- Written by Ayla Mullen, Springhouse Faculty and Adult Programming Participant -
In The Hidden Life of Trees: What They Feel, How They Communicate-- Discoveries from A Secret World, Peter Wollheben describes the hidden networks of communication, connection, and mutual support which carry messages, nutrients, and energy-giving sugars between trees in a healthy, undisturbed forest ecosystem. The root systems of the trees are interwoven underground, and recent studies have uncovered the way the forest will support a sick or injured tree to aid its recovery, or spread warnings to defend against insect attacks.

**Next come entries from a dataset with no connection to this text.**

lemma sum_qL:
  assumes "K \<ge> 1"
  shows "(\<Sum>k=1..K. qL K v k) = 1"
proof -
  have "(\<Sum>k=1..K. exp (v k)) > 0"
    using assms by (intro sum_pos) auto
  then show ?thesis
    by (simp add: qL_def flip: sum_divide_distrib)
qed

lemma qL_less_1:
  assumes K: "K \<ge> 2" and k: "k \<in> {1..K}"
  shows "qL K v k < 1"
proof -
  define j where "j = (if k = 1 then 2 else (1::nat))"
  have j: "j \<in> {1..K}" "j \<noteq> k"
    using K k by (auto simp: j_def)
  have "qL K v k + qL K v j = (\<Sum>l\<in>{k, j}. qL K v l)"
    using j by simp
  also have "\<dots> \<le> (\<Sum>l=1..K. qL K v l)"
    using j k K qL_pos[of K v] by (intro sum_mono2) (auto intro: less_imp_le)
  finally show ?thesis
    using sum_qL[of K v] qL_pos[of K v j] K by simp
qed

lemma qL_ln:
  assumes "K \<ge> 1" and r: "\<And>j. j \<in> {1..K} \<Longrightarrow> 0 < r j" and "(\<Sum>j=1..K. r j) = 1"
    and "k \<in> {1..K}"
  shows "qL K (\<lambda>j. ln (r j)) k = r k"
proof -
  have "(\<Sum>l=1..K. exp (ln (r l))) = 1"
    using assms by (simp add: r)
  then show ?thesis
    using assms by (simp add: qL_def)
qed

lemma borel_measurable_qL:
  assumes "\<And>k. k \<in> {1..K} \<Longrightarrow> (\<lambda>x. g x k) \<in> borel_measurable N" and "j \<in> {1..K}"
  shows "(\<lambda>x. qL K (g x) j) \<in> borel_measurable N"
  unfolding qL_def using assms by (intro borel_measurable_divide borel_measurable_sum) auto

lemma borel_measurable_phi:
  assumes g: "\<And>k. k \<in> {1..K} \<Longrightarrow> (\<lambda>x. g x k) \<in> borel_measurable N"
  shows "(\<lambda>x. phi kind K \<alpha> (g x) y) \<in> borel_measurable N"
proof -
  note [measurable] = borel_measurable_qL[OF g]
  show ?thesis
    by (cases kind) (auto simp: phi_LR_def phi_LS_def phi_MLS_def phi_LSQ_def s_al_def
        intro!: borel_measurable_sum)
qed

lemma phi_nonneg:
  assumes \<alpha>: "admissible_smoothing K \<alpha>" and K: "K \<ge> 2"
  shows "0 \<le> phi kind K \<alpha> v k"
proof -
  have q: "0 < qL K v j" "qL K v j < 1" if "j \<in> {1..K}" for j
    using qL_pos[of K v j] qL_less_1[OF K that] K by auto
  then have "ln (qL K v j) \<le> 0" if "j \<in> {1..K}" for j
    using that by (simp add: less_imp_le)
  moreover have t: "0 \<le> tvec j k" "tvec j k \<le> 1" for j
    by (auto simp: tvec_def)
  moreover have s: "0 \<le> s_al K \<alpha> (tvec j k)" for j
    using s_al_nonneg[OF \<alpha> K t] .
  moreover have "ln (s_al K \<alpha> (qL K v j)) \<le> 0" if "j \<in> {1..K}" for j
    using s_al_pos[OF \<alpha> K q[OF that]] s_al_le_1[OF \<alpha> K] q[OF that] by simp
  ultimately show ?thesis
    by (cases kind)
      (auto simp: phi_LR_def phi_LS_def phi_MLS_def phi_LSQ_def
        intro!: sum_nonpos sum_nonneg mult_nonneg_nonpos)
qed

section \<open>Conditional surrogate risk\<close>

definition cond_risk :: "loss_kind \<Rightarrow> nat \<Rightarrow> real \<Rightarrow> (nat \<Rightarrow> real) \<Rightarrow> (nat \<Rightarrow> real) \<Rightarrow> real" where
  "cond_risk kind K \<alpha> p v = (\<Sum>k=1..K. p k * phi kind K \<alpha> v k)"

text \<open>The softmax output that minimises \<open>cond_risk\<close>: label smoothing fits the smoothed label
  distribution, the other losses fit the label distribution itself.\<close>
definition target_probs :: "loss_kind \<Rightarrow> nat \<Rightarrow> real \<Rightarrow> (nat \<Rightarrow> real) \<Rightarrow> nat \<Rightarrow> real" where
  "target_probs kind K \<alpha> p j = (if kind = LS then s_al K \<alpha> (p j) else p j)"

lemma s_al_zero [simp]: "s_al K 0 u = u"
  by (simp add: s_al_def)

lemma sum_mult_tvec:
  assumes "j \<in> {1..K}"
  shows "(\<Sum>k=1..K. p k * tvec j k) = p j"
proof -
  have "(\<Sum>k=1..K. p k * tvec j k) = (\<Sum>k\<in>{1..K}. if k = j then p k else 0)"
    by (intro sum.cong) (auto simp: tvec_def)
  then show ?thesis
    using assms by simp
qed

lemma sum_mult_s_al_tvec:
  assumes "(\<Sum>k=1..K. p k) = 1" and "j \<in> {1..K}"
  shows "(\<Sum>k=1..K. p k * s_al K \<alpha> (tvec j k)) = s_al K \<alpha> (p j)"
proof -
  have "p k * s_al K \<alpha> (tvec j k) = (1 - \<alpha>) * (p k * tvec j k) + \<alpha> / K * p k" for k
    by (simp add: s_al_def algebra_simps)
  then have "(\<Sum>k=1..K. p k * s_al K \<alpha> (tvec j k))
      = (1 - \<alpha>) * (\<Sum>k=1..K. p k * tvec j k) + \<alpha> / K * (\<Sum>k=1..K. p k)"
    by (simp only: sum.distrib sum_distrib_left)
  then show ?thesis
    using assms(1) sum_mult_tvec[OF assms(2), of p] by (simp add: s_al_def)
qed

lemma sum_mult_smoothed_label_sum:
  assumes "(\<Sum>k=1..K. p k) = 1"
  shows "(\<Sum>k=1..K. p k * (\<Sum>j=1..K. s_al K \<alpha> (tvec j k) * L j))
       = (\<Sum>j=1..K. s_al K \<alpha> (p j) * L j)"
proof -
  have "(\<Sum>k=1..K. p k * (\<Sum>j=1..K. s_al K \<alpha> (tvec j k) * L j))
      = (\<Sum>j=1..K. (\<Sum>k=1..K. p k * s_al K \<alpha> (tvec j k)) * L j)"
    by (simp add: sum_distrib_left sum_distrib_right mult_ac) (rule sum.swap)
  also have "\<dots> = (\<Sum>j=1..K. s_al K \<alpha> (p j) * L j)"
    by (rule sum.cong[OF refl], subst sum_mult_s_al_tvec[OF assms]) auto
  finally show ?thesis .
qed

lemma phi_LR_eq_phi_LS_0: "phi_LR K = phi_LS K 0"
  by (simp add: fun_eq_iff phi_LR_def phi_LS_def s_al_def)

lemma cond_risk_LS:
  assumes "(\<Sum>k=1..K. p k) = 1"
  shows "cond_risk LS K \<alpha> p v = - (\<Sum>j=1..K. s_al K \<alpha> (p j) * ln (qL K v j))"
  using sum_mult_smoothed_label_sum[OF assms, of \<alpha> "\<lambda>j. ln (qL K v j)"]
  by (simp add: cond_risk_def phi_LS_def sum_negf)

lemma cond_risk_log:
  assumes "kind \<in> {LR, LS}" and "(\<Sum>k=1..K. p k) = 1"
  shows "cond_risk kind K \<alpha> p v = - (\<Sum>j=1..K. target_probs kind K \<alpha> p j * ln (qL K v j))"
proof -
  have "cond_risk LR K \<alpha> p v = cond_risk LS K 0 p v"
    by (simp add: cond_risk_def phi_LR_eq_phi_LS_0)
  then show ?thesis
    using assms cond_risk_LS[OF assms(2)] by (auto simp: target_probs_def)
qed

lemma cond_risk_MLS:
  assumes "(\<Sum>k=1..K. p k) = 1"
  shows "cond_risk MLS K \<alpha> p v = - (\<Sum>j=1..K. s_al K \<alpha> (p j) * ln (s_al K \<alpha> (qL K v j)))"
  using sum_mult_smoothed_label_sum[OF assms, of \<alpha> "\<lambda>j. ln (s_al K \<alpha> (qL K v j))"]
  by (simp add: cond_risk_def phi_MLS_def sum_negf)

lemma cond_risk_LSQ:
  assumes "(\<Sum>k=1..K. p k) = 1"
  shows "cond_risk LSQ K \<alpha> p v = (\<Sum>j=1..K. (qL K v j - p j)\<^sup>2 + (p j - (p j)\<^sup>2))"
proof -
  let ?q = "qL K v"
  have "(tvec j k - ?q j)\<^sup>2 = tvec j k * (1 - 2 * ?q j) + (?q j)\<^sup>2" for j k
    by (simp add: tvec_def power2_eq_square algebra_simps)
  then have "cond_risk LSQ K \<alpha> p v
      = (\<Sum>k=1..K. p k * (\<Sum>j=1..K. tvec j k * (1 - 2 * ?q j))) + (\<Sum>j=1..K. (?q j)\<^sup>2)"
    using assms
    by (simp add: cond_risk_def phi_LSQ_def sum.distrib distrib_left flip: sum_distrib_right)
  also have "\<dots> = (\<Sum>j=1..K. p j * (1 - 2 * ?q j)) + (\<Sum>j=1..K. (?q j)\<^sup>2)"
    using sum_mult_smoothed_label_sum[OF assms, of 0 "\<lambda>j. 1 - 2 * ?q j"]
    by (simp add: s_al_def)
  also have "\<dots> = (\<Sum>j=1..K. (?q j - p j)\<^sup>2 + (p j - (p j)\<^sup>2))"
    by (simp add: power2_eq_square algebra_simps flip: sum.distrib)
  finally show ?thesis .
qed

lemma cond_risk_nonneg:
  assumes "admissible_smoothing K \<alpha>" and "K \<ge> 2" and "\<And>k. k \<in> {1..K} \<Longrightarrow> 0 \<le> p k"
  shows "0 \<le> cond_risk kind K \<alpha> p v"
  unfolding cond_risk_def using assms phi_nonneg[OF assms(1,2)] by (auto intro!: sum_nonneg)

text \<open>This is \<open>ln x \<le> x - 1\<close> at \<open>x = 2 r / (p + r)\<close>, rearranged.\<close>
lemma mult_ln_le_mult_ln_midpoint:
  fixes p r :: real
  assumes p: "0 \<le> p" and r: "0 < r"
  shows "p * ln r + (p - r) / 2 + (p - r)\<^sup>2 / (2 * (p + r)) \<le> p * ln ((p + r) / 2)"
proof -
  have pr: "0 < p + r"
    using p r by simp
  have "ln r - ln ((p + r) / 2) = ln (r / ((p + r) / 2))"
    using r pr by (intro ln_divide_pos[symmetric]) auto
  also have "\<dots> \<le> r / ((p + r) / 2) - 1"
    using r pr by (intro ln_le_minus_one) simp
  finally have "p * (ln r - ln ((p + r) / 2)) \<le> p * (r / ((p + r) / 2) - 1)"
    using p by (rule mult_left_mono)
  moreover have "p * (r / ((p + r) / 2) - 1) = - ((p - r) / 2 + (p - r)\<^sup>2 / (2 * (p + r)))"
    using pr by (simp add: field_simps power2_eq_square)
  ultimately show ?thesis
    by (simp add: algebra_simps)
qed

lemma cross_entropy_midpoint_less:
  fixes p r :: "nat \<Rightarrow> real"
  assumes I: "finite I" and p: "\<And>j. j \<in> I \<Longrightarrow> 0 \<le> p j" and r: "\<And>j. j \<in> I \<Longrightarrow> 0 < r j"
    and sum_eq: "(\<Sum>j\<in>I. p j) = (\<Sum>j\<in>I. r j)" and ne: "\<exists>j\<in>I. p j \<noteq> r j"
  shows "(\<Sum>j\<in>I. p j * ln (r j)) < (\<Sum>j\<in>I. p j * ln ((p j + r j) / 2))"
proof -
  have gap: "0 \<le> (p j - r j)\<^sup>2 / (2 * (p j + r j))" "p j \<noteq> r j \<Longrightarrow> 0 < (p j - r j)\<^sup>2 / (2 * (p j + r j))"
    if "j \<in> I" for j
    using p[OF that] r[OF that] by (auto intro!: divide_nonneg_pos divide_pos_pos)
  have "(\<Sum>j\<in>I. p j * ln (r j)) = (\<Sum>j\<in>I. p j * ln (r j) + (p j - r j) / 2)"
    using sum_eq by (simp add: sum.distrib sum_subtractf flip: sum_divide_distrib)
  also have "\<dots> < (\<Sum>j\<in>I. p j * ln ((p j + r j) / 2))"
  proof (rule sum_strict_mono_ex1[OF I])
    show "\<forall>j\<in>I. p j * ln (r j) + (p j - r j) / 2 \<le> p j * ln ((p j + r j) / 2)"
    proof
      fix j assume j: "j \<in> I"
      show "p j * ln (r j) + (p j - r j) / 2 \<le> p j * ln ((p j + r j) / 2)"
        using mult_ln_le_mult_ln_midpoint[OF p[OF j] r[OF j]] gap(1)[OF j] by linarith
    qed
    from ne obtain j where j: "j \<in> I" "p j \<noteq> r j"
      by blast
    have "p j * ln (r j) + (p j - r j) / 2 < p j * ln ((p j + r j) / 2)"
      using mult_ln_le_mult_ln_midpoint[OF p[OF j(1)] r[OF j(1)]] gap(2)[OF j] by linarith
    with j show "\<exists>j\<in>I. p j * ln (r j) + (p j - r j) / 2 < p j * ln ((p j + r j) / 2)"
      by blast
  qed
  finally show ?thesis .
qed

lemma le_1_if_sum_eq_1:
  fixes p :: "'a \<Rightarrow> real"
  assumes "finite I" and "\<And>j. j \<in> I \<Longrightarrow> 0 \<le> p j" and "sum p I = 1" and "j \<in> I"
  shows "p j \<le> 1"
  using assms member_le_sum[of j I p] by simp

lemma target_probs_nonneg:
  assumes \<alpha>: "admissible_smoothing K \<alpha>" and K: "K \<ge> 2"
    and p: "\<And>j. j \<in> {1..K} \<Longrightarrow> 0 \<le> p j" and sum_p: "(\<Sum>j=1..K. p j) = 1" and j: "j \<in> {1..K}"
  shows "0 \<le> target_probs kind K \<alpha> p j"
proof -
  have "p j \<le> 1"
    using le_1_if_sum_eq_1[OF _ p sum_p j] by simp
  then show ?thesis
    using s_al_nonneg[OF \<alpha> K p[OF j]] p[OF j] by (simp add: target_probs_def)
qed

lemma target_probs_eq_self: "kind \<noteq> LS \<Longrightarrow> target_probs kind K \<alpha> p = p"
  by (simp add: fun_eq_iff target_probs_def)

lemma sum_qdec_mult_if_calibrated:
  assumes "\<alpha> \<noteq> 1" and "\<forall>j\<in>{1..K}. qL K v j = target_probs kind K \<alpha> p j"
  shows "(\<Sum>k=1..K. qdec kind K \<alpha> v k * L k) = (\<Sum>k=1..K. p k * L k)"
proof (rule sum.cong[OF refl])
  fix k assume "k \<in> {1..K}"
  with assms show "qdec kind K \<alpha> v k * L k = p k * L k"
    by (cases kind) (simp_all add: target_probs_def qRL_def s_al_inv_s_al)
qed

lemma sum_target_probs:
  assumes "K \<ge> 1" and "(\<Sum>j=1..K. p j) = 1"
  shows "(\<Sum>j=1..K. target_probs kind K \<alpha> p j) = 1"
  using assms sum_s_al_eq_1[OF assms] by (cases "kind = LS") (simp_all add: target_probs_def)

definition midpoint_scores :: "nat \<Rightarrow> (nat \<Rightarrow> real) \<Rightarrow> (nat \<Rightarrow> real) \<Rightarrow> nat \<Rightarrow> real" where
  "midpoint_scores K v t j = ln ((qL K v j + t j) / 2)"

lemma sum_qL_midpoint_scores:
  assumes K: "K \<ge> 1" and t: "\<And>j. j \<in> {1..K} \<Longrightarrow> 0 \<le> t j" and sum_t: "(\<Sum>j=1..K. t j) = 1"
  shows "(\<Sum>j=1..K. f j (qL K (midpoint_scores K v t) j)) = (\<Sum>j=1..K. f j ((qL K v j + t j) / 2))"
proof (rule sum.cong[OF refl])
  fix j assume j: "j \<in> {1..K}"
  have "qL K (midpoint_scores K v t) j = (qL K v j + t j) / 2"
    unfolding midpoint_scores_def
  proof (rule qL_ln[OF K _ _ j])
    show "0 < (qL K v i + t i) / 2" if "i \<in> {1..K}" for i
      using qL_pos[OF K, of v i] t[OF that] by simp
    show "(\<Sum>i=1..K. (qL K v i + t i) / 2) = 1"
      using sum_qL[OF K, of v] sum_t by (simp add: sum.distrib flip: sum_divide_distrib)
  qed
  then show "f j (qL K (midpoint_scores K v t) j) = f j ((qL K v j + t j) / 2)"
    by (rule arg_cong)
qed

Commercially planted forests lack this web of direct interconnection, and their resilience to weather storms, pests, and draught is much less than their healthy, undisturbed counterparts.
These descriptions of a healthy and unhealthy forest struck me immediately, and one of my first thoughts was: “This is what Springhouse Community School is doing!” - working to re-build the networks of interconnection, communication and mutual support that underlie any community’s resilience, health, and wholeness.

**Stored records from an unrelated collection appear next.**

lemma sparse_occupation_bound:
  assumes "periodic_config c L"
    and sparse: "\<And>x k. c x \<Longrightarrow> k \<in> {1..p} \<Longrightarrow> \<not> c (x + int k)"
  shows "real (Suc p) * occupation c L \<le> real L"
proof -
  have per: "of_bool (c (x + int L)) = (of_bool (c x) :: real)" for x
    using assms(1) unfolding periodic_config_def by simp
  have "real (Suc p) * occupation c L = window_sum (\<lambda>x. of_bool (c x)) 0 (L * Suc p)"
    unfolding occupation_def
    using window_sum_periodic_mult[where f = "\<lambda>x. of_bool (c x)", OF per, of 0 "Suc p"]
    by (simp add: mult.commute)
  also have "\<dots> = (\<Sum>i<L. window_sum (\<lambda>x. of_bool (c x)) (int (i * Suc p)) (Suc p))"
    using window_sum_mult[of _ 0 L "Suc p"] by simp
  also have "\<dots> \<le> (\<Sum>i<L. 1)"
    by (intro sum_mono window_occupation_le_1 sparse) auto
  finally show ?thesis by simp
qed

lemma period_energy_pos:
  assumes U: "\<forall>k\<in>{1..p}. U k > 0"
    and density: "has_density c L m" and "m \<le> p"
  shows "period_energy U p c L > 0"
proof (rule ccontr)
  have per: "periodic_config c L" and count: "m * occ_count c L = L"
    using density unfolding has_density_def by blast+
  then have "L > 0"
    unfolding periodic_config_def by blast
  assume "\<not> period_energy U p c L > 0"
  moreover have "period_energy U p c L \<ge> 0"
    unfolding period_energy_def window_sum_def by (intro sum_nonneg site_energy_nonneg[OF U])
  ultimately have "period_energy U p c L = 0" by simp
  then have zero_in_period: "site_energy U p c x = 0" if "0 \<le> x" "x < int L" for x
    using that unfolding period_energy_def window_sum_def
    by (subst (asm) sum_nonneg_eq_0_iff) (auto intro: site_energy_nonneg[OF U])
  have "site_energy U p c x = 0" for x
    using zero_in_period[of "x mod int L"] \<open>L > 0\<close>
      periodic_mod[where f = "site_energy U p c", OF site_energy_periodic[OF per]]
    by simp
  then have "\<not> c (x + int k)" if "c x" "k \<in> {1..p}" for x k
    using that site_energy_eq_0_iff[OF U] by blast
  then have "real (Suc p) * real (occ_count c L) \<le> real (m * occ_count c L)"
    using sparse_occupation_bound[OF per] occ_count_eq_occupation[OF per] count by simp
  then have "Suc p * occ_count c L \<le> m * occ_count c L"
    by (simp only: of_nat_mult [symmetric] of_nat_le_iff)
  moreover have "occ_count c L > 0"
    using count \<open>L > 0\<close> by (metis gr0I mult_0_right)
  ultimately have "Suc p \<le> m"
    using mult_le_cancel2 by blast
  then show False
    using \<open>m \<le> p\<close> by simp
qed

section \<open>Cutting and gluing configurations\<close>

definition glue :: "(int \<Rightarrow> bool) \<Rightarrow> nat \<Rightarrow> (int \<Rightarrow> bool) \<Rightarrow> nat \<Rightarrow> int \<Rightarrow> bool" where
  "glue c P d Q y =
     (let r = y mod int (P + Q) in if r < int P then c r else d (r - int P))"

lemma glue_left: "0 \<le> r \<Longrightarrow> r < int P \<Longrightarrow> glue c P d Q r = c r"
  unfolding glue_def by simp

lemma glue_right: "0 \<le> r \<Longrightarrow> r < int Q \<Longrightarrow> glue c P d Q (int P + r) = d r"
  unfolding glue_def by simp

lemma periodic_config_glue: "P + Q > 0 \<Longrightarrow> periodic_config (glue c P d Q) (P + Q)"
  unfolding periodic_config_def glue_def by simp

lemma period_energy_glue:
  assumes c_tail: "\<And>r. int P - int p \<le> r \<Longrightarrow> r < int P \<Longrightarrow> \<not> c r"
    and d_tail: "\<And>r. int Q - int p \<le> r \<Longrightarrow> r < int Q \<Longrightarrow> \<not> d r"
  shows "period_energy U p (glue c P d Q) (P + Q) = period_energy U p c P + period_energy U p d Q"
proof -
  let ?g = "glue c P d Q"
  have left: "site_energy U p ?g y = site_energy U p c y" if "0 \<le> y" "y < int P" for y
  proof (rule site_energy_cong)
    show "?g y = c y" using that by (rule glue_left)
    fix k assume "c y" "k \<in> {1..p}"
    then have "y + int k < int P" using c_tail[of y] that by force
    then show "?g (y + int k) = c (y + int k)" using that by (intro glue_left) auto
  qed
  have right: "site_energy U p ?g (y + int P) = site_energy U p d y" if "0 \<le> y" "y < int Q" for y
  proof (rule site_energy_cong)
    show "?g (y + int P) = d y" using glue_right[OF that] by (simp add: add.commute)
    fix k assume "d y" "k \<in> {1..p}"
    then have "y + int k < int Q" using d_tail[of y] that by force
    then show "?g (y + int P + int k) = d (y + int k)"
      using glue_right[of "y + int k"] that by (simp add: ac_simps)
  qed
  have "period_energy U p ?g (P + Q) =
      window_sum (site_energy U p ?g) 0 P + window_sum (\<lambda>y. site_energy U p ?g (y + int P)) 0 Q"
    unfolding period_energy_def window_sum_add window_sum_shift by simp
  also have "\<dots> = period_energy U p c P + period_energy U p d Q"
    unfolding period_energy_def using left right by (simp cong: window_sum_cong)
  finally show ?thesis .
qed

I have ascribed to the values of individualism and independence for as long as I can remember and lived much of my life stubbornly trying to “do it all myself.” Not only have my successes and achievements been lonely, but my times of struggle have been overwhelming and extremely challenging. I was one of the “antisocial” trees, as Peter Wollheben calls them - cut off from true community and the stability that comes with connection. My involvement with Springhouse, starting with the Well Program, could be described as the slow growing and entwining of my root system with that of the forest that is my community. I am learning how to connect with love, trust, and honesty to the people and places in my life. I am learning how to lean on my community and ask for support when I need it and how to give my own skills and gifts back to my community, to strengthen the networks of connection that we all depend on, and to support and nurture others when they ask for help. Sometimes being part of community can feel extremely vulnerable to me, but in community I also feel the most alive.

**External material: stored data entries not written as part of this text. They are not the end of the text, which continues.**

lemma bij_gen_subgroup: "h \<in> gen_subgroup S \<Longrightarrow> \<forall>s\<in>S. bij s \<Longrightarrow> bij h"
  by (induction rule: gen_subgroup.induct) (auto simp: fmul_def intro: bij_comp bij_imp_bij_inv)

lemma inv_gen_subgroup: "h \<in> gen_subgroup S \<Longrightarrow> \<forall>s\<in>S. bij s \<Longrightarrow> inv h \<in> gen_subgroup S"
proof (induction rule: gen_subgroup.induct)
  case (gen_mul a b)
  then have "inv (fmul a b) = fmul (inv b) (inv a)"
    using bij_gen_subgroup by (simp add: fmul_def o_inv_distrib)
  with gen_mul show ?case by (simp add: gen_subgroup.gen_mul)
qed (auto simp: inv_inv_eq intro: gen_subgroup.intros)

lemma bij_group_gen_subgroup:
  assumes "\<forall>s\<in>S. bij s"
  shows "bij_group (gen_subgroup S)"
proof
  show "id \<in> gen_subgroup S" by (rule gen_id)
  show "b \<circ> a \<in> gen_subgroup S" if "a \<in> gen_subgroup S" "b \<in> gen_subgroup S" for a b
    using gen_mul[OF that] by (simp add: fmul_def)
qed (use assms bij_gen_subgroup inv_gen_subgroup in auto)

context
  fixes f :: "real \<Rightarrow> real"
  assumes f: "f \<in> ThompsonF"
begin

lemma ThompsonF_outside: "x \<notin> {0..1} \<Longrightarrow> f x = x"
  and ThompsonF_continuous: "continuous_on {0..1} f"
  and ThompsonF_strict_mono: "strict_mono_on {0..1} f"
  and ThompsonF_0 [simp]: "f 0 = 0"
  and ThompsonF_1 [simp]: "f 1 = 1"
  using f unfolding ThompsonF_def by auto

lemma ThompsonF_maps_unit: "x \<in> {0..1} \<Longrightarrow> f x \<in> {0..1}"
  using strict_mono_on_leD[OF ThompsonF_strict_mono, of 0 x] strict_mono_on_leD[OF ThompsonF_strict_mono, of x 1]
  by auto

lemma ThompsonF_eq_iff: "x \<in> {0..1} \<Longrightarrow> y \<in> {0..1} \<Longrightarrow> f x = f y \<longleftrightarrow> x = y"
  using strict_mono_on_eqD[OF ThompsonF_strict_mono, of x y] by blast

lemma bij_ThompsonF: "bij f"
proof (rule bijI)
  show "inj f"
  proof (rule injI)
    fix x y assume "f x = f y"
    then show "x = y"
      using ThompsonF_eq_iff ThompsonF_maps_unit ThompsonF_outside
      by (cases "x \<in> {0..1}"; cases "y \<in> {0..1}") force+
  qed
  have "y \<in> range f" for y
  proof (cases "y \<in> {0..1}")
    case True
    then obtain x where "f x = y"
      using IVT'[of f 0 y 1] ThompsonF_continuous by auto
    then show ?thesis by (metis rangeI)
  next
    case False
    then show ?thesis using ThompsonF_outside[OF False] by (metis rangeI)
  qed
  then show "surj f" by auto
qed

end

subsection \<open>Standard dyadic intervals\<close>

definition dyadic_interval :: "int \<Rightarrow> nat \<Rightarrow> real set" where
  "dyadic_interval j n = {of_int j / 2 ^ n .. (of_int j + 1) / 2 ^ n}"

There is a difference between surviving and living. An antisocial tree can survive for many centuries, shaped and gnarled by the struggle against storms, pests, and the limitations of nutrient and water access. But a healthy forest ecosystem thrums and gurgles with life for generation upon generation. Mature adult trees nurture and feed their seedlings, who are too small and shaded to feed themselves through photosynthesis, through their interconnected root network. Trees growing in water or nutrient-rich conditions share their abundance with their struggling neighbors. The stumps of long-dead trees are often kept green and alive for hundreds of years after they stop growing their own leaves, because their neighbors and community provide them with energy and nutrients root-to-root. The forest thrives, and individual trees within it live long, healthy lives. I believe the work that Springhouse does is actively re-generating this invisible web of interconnection between us, building a vibrant, resilient, whole community of people who can live and work and celebrate together. After reading Peter Wollheben’s book, I now picture the Springhouse community as a forest, where each individual tree can delve deeper with its roots, and reach higher with its trunk and branches, because of the strength and support of the forest as a larger whole.